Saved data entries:

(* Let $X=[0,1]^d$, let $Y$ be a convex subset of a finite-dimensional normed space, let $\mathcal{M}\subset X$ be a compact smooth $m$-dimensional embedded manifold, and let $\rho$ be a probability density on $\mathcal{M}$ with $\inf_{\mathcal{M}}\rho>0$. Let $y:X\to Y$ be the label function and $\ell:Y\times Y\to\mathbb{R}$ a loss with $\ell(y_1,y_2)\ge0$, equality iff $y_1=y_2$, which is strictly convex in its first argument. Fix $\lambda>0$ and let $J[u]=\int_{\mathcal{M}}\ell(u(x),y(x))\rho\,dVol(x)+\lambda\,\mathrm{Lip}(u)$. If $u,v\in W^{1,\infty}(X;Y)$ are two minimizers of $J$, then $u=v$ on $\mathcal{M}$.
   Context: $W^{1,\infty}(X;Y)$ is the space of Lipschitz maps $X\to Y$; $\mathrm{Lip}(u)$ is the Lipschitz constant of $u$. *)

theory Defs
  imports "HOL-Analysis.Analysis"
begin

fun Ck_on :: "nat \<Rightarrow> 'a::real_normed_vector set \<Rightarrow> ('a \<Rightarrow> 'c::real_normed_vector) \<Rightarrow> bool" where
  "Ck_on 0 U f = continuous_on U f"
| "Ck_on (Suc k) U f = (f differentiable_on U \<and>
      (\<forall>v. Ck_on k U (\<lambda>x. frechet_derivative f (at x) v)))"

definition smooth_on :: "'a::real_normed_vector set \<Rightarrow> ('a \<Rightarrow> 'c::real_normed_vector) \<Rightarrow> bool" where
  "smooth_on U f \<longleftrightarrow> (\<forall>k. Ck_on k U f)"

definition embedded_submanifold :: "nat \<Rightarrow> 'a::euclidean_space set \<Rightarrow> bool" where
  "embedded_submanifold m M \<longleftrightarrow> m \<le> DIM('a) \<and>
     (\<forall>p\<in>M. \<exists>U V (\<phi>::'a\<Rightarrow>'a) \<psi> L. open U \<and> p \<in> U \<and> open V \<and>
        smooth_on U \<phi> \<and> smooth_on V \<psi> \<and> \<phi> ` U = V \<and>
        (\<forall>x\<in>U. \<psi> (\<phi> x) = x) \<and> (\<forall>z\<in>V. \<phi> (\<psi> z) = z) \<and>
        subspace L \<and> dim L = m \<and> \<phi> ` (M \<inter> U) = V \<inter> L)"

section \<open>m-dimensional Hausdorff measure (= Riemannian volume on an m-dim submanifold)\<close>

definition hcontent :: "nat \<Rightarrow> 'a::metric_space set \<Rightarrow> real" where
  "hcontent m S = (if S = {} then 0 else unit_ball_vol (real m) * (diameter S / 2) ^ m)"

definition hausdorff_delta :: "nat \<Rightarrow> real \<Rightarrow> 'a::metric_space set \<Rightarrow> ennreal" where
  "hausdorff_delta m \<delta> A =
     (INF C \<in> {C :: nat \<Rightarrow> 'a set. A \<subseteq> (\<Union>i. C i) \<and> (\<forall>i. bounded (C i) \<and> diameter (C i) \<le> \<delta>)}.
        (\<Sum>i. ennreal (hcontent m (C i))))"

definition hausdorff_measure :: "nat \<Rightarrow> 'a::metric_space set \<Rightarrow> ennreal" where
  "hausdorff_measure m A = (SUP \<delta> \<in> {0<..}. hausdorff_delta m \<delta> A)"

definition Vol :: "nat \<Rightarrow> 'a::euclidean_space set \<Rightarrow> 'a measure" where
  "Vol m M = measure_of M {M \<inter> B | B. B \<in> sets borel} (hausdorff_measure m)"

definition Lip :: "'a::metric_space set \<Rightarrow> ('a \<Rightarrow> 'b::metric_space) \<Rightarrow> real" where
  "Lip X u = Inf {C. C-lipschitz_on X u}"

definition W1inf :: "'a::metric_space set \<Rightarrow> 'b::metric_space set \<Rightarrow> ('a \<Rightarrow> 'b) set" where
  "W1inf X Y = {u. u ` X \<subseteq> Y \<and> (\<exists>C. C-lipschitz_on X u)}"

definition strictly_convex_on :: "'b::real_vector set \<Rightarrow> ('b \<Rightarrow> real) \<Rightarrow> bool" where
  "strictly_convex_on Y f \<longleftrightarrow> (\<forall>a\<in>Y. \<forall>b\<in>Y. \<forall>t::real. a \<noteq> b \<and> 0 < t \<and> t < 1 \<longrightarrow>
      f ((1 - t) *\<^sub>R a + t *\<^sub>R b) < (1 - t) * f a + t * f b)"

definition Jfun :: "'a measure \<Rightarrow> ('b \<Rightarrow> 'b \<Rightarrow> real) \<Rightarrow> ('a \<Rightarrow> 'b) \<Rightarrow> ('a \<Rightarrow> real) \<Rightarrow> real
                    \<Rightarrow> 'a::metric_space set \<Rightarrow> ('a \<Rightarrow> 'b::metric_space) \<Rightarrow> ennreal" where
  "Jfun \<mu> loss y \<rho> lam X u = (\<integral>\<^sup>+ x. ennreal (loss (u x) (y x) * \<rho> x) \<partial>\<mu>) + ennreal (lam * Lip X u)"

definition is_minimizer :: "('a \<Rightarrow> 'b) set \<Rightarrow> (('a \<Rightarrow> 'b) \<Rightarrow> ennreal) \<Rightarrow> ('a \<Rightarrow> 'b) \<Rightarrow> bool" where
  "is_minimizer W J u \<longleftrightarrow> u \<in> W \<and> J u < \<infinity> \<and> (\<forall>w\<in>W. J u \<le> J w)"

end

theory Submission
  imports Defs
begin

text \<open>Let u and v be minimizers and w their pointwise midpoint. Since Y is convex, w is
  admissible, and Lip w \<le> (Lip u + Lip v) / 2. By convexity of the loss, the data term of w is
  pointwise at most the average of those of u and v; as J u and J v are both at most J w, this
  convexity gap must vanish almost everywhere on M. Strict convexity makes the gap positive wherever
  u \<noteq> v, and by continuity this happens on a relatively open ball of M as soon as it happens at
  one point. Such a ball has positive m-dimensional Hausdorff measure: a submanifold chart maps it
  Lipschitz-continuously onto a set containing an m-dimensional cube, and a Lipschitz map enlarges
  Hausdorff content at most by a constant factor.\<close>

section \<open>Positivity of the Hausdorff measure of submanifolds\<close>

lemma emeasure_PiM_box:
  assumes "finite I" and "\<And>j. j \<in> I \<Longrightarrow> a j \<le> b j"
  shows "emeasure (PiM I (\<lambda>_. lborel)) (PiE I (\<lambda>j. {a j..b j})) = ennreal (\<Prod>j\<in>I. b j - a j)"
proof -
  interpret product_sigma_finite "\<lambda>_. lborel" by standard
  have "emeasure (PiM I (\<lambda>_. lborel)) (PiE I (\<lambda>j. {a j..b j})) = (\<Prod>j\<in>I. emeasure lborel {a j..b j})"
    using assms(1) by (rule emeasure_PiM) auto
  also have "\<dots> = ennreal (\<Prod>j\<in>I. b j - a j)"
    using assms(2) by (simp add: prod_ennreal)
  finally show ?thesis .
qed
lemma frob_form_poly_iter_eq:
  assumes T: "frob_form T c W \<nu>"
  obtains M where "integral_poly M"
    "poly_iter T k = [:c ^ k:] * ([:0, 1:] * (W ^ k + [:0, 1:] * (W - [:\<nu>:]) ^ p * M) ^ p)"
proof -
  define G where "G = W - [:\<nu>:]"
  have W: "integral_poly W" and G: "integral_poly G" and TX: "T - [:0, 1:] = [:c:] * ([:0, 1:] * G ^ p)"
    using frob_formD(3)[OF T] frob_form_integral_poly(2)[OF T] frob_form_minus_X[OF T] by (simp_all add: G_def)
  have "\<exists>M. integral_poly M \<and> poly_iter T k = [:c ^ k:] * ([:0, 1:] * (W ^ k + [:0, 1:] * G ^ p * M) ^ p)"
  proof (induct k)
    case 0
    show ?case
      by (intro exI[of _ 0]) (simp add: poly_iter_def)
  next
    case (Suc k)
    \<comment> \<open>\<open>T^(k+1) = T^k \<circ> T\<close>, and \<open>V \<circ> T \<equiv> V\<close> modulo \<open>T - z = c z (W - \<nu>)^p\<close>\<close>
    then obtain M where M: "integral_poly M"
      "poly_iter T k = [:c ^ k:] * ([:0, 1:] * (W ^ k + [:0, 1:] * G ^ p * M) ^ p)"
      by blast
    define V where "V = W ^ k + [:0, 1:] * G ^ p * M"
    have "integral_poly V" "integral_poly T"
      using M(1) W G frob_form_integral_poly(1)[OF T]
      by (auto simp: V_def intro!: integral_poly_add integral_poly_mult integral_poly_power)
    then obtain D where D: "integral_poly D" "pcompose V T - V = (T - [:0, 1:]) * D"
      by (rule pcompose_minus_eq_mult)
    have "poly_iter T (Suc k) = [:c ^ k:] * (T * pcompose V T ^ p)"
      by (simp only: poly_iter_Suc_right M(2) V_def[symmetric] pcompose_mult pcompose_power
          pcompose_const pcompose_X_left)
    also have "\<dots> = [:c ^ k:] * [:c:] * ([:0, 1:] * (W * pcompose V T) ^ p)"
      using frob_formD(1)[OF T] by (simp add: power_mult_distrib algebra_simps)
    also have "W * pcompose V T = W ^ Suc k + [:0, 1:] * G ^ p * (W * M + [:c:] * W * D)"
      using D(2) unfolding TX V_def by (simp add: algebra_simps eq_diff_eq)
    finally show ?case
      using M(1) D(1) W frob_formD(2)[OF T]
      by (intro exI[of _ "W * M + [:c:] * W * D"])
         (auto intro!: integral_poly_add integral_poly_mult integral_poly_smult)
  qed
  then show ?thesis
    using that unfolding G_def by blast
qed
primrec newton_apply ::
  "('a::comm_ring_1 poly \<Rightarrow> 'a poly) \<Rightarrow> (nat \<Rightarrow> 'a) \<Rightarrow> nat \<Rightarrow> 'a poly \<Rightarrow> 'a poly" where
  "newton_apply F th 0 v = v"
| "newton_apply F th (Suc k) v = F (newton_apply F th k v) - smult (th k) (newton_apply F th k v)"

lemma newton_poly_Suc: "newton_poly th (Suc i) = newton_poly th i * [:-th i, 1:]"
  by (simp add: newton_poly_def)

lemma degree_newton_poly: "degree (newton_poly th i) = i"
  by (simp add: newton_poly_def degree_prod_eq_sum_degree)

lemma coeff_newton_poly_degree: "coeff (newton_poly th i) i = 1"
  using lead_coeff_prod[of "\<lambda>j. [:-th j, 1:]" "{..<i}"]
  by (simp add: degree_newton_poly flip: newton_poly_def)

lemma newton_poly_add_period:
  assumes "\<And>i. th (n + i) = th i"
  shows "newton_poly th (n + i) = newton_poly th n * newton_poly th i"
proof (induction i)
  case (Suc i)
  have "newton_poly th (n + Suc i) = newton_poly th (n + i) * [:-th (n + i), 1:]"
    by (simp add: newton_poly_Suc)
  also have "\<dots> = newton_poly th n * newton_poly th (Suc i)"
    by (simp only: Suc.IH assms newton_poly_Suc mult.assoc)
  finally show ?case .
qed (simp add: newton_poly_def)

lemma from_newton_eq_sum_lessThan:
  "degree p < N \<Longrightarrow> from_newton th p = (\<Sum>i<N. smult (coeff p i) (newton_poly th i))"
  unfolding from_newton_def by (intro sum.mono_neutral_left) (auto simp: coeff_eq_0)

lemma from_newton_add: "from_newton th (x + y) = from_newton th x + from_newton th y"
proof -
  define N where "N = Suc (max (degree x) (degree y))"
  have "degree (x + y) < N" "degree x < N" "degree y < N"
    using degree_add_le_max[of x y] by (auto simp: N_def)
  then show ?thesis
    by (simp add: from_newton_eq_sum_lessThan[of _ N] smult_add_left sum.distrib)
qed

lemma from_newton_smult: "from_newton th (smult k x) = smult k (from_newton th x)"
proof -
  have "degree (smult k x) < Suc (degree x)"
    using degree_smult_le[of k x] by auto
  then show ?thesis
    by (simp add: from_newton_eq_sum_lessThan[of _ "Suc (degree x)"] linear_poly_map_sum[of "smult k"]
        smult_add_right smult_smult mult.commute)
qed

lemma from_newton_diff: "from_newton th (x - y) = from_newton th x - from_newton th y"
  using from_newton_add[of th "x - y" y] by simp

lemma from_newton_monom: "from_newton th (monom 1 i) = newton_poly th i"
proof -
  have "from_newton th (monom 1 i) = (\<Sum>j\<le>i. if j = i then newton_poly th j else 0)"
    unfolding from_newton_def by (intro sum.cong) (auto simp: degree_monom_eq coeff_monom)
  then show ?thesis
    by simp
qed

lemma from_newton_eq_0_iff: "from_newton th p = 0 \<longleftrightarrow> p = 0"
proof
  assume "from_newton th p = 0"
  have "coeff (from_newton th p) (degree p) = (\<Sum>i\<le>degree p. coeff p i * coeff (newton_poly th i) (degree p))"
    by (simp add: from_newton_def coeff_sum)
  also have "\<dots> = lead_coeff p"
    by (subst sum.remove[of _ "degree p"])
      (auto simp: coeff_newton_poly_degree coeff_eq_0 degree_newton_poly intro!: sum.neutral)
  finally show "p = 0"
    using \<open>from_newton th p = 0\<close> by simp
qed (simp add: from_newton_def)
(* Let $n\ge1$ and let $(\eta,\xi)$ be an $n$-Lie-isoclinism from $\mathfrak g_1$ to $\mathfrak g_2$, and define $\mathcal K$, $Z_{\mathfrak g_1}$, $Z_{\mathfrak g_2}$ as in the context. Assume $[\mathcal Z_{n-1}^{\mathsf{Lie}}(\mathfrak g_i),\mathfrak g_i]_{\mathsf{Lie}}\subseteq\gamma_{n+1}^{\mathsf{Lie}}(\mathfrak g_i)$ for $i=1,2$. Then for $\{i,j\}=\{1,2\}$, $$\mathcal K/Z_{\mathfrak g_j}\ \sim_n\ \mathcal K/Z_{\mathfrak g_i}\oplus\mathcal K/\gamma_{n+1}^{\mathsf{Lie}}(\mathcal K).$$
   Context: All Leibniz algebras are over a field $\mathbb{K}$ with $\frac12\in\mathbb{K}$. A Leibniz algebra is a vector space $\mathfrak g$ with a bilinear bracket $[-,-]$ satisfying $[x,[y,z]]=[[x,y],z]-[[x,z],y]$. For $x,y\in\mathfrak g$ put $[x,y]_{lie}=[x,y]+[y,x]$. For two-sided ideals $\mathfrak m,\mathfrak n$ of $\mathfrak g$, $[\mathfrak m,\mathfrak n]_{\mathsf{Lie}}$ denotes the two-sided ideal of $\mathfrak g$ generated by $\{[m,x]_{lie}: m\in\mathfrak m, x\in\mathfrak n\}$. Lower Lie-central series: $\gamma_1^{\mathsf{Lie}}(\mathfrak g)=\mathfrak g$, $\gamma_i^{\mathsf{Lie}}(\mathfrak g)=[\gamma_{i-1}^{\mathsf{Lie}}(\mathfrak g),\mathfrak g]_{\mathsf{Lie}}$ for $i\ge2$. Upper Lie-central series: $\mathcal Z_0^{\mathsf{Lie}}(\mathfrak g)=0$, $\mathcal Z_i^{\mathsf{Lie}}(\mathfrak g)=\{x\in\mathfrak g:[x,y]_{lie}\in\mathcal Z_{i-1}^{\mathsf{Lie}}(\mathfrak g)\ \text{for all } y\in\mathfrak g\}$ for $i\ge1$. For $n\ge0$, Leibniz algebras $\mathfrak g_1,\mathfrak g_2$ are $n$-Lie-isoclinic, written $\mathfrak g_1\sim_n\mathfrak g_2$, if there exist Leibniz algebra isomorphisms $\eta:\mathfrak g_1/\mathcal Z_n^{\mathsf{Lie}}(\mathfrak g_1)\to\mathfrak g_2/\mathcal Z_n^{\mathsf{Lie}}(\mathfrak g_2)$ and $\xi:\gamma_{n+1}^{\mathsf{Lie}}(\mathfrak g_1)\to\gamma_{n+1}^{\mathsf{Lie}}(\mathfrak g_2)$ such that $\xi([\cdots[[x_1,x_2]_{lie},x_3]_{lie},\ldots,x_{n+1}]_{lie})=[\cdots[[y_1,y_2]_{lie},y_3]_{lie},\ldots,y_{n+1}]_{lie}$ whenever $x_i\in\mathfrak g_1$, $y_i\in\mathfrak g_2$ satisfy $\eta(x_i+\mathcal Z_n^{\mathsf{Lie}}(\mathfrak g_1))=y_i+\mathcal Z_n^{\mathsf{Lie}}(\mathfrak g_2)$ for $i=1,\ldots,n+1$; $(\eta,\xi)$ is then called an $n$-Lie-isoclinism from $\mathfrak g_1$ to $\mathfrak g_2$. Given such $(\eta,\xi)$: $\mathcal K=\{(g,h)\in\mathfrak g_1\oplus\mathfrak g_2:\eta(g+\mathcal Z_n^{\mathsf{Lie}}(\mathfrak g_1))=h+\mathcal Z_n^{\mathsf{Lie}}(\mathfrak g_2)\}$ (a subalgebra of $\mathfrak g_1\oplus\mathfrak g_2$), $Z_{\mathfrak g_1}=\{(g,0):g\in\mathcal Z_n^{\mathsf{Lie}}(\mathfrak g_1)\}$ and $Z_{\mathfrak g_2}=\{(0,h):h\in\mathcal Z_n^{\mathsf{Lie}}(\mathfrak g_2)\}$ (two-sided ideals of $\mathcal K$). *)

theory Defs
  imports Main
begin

> What the task asks
From the records above, count how many lines hold the string "open", then give only that number.

> Result below
7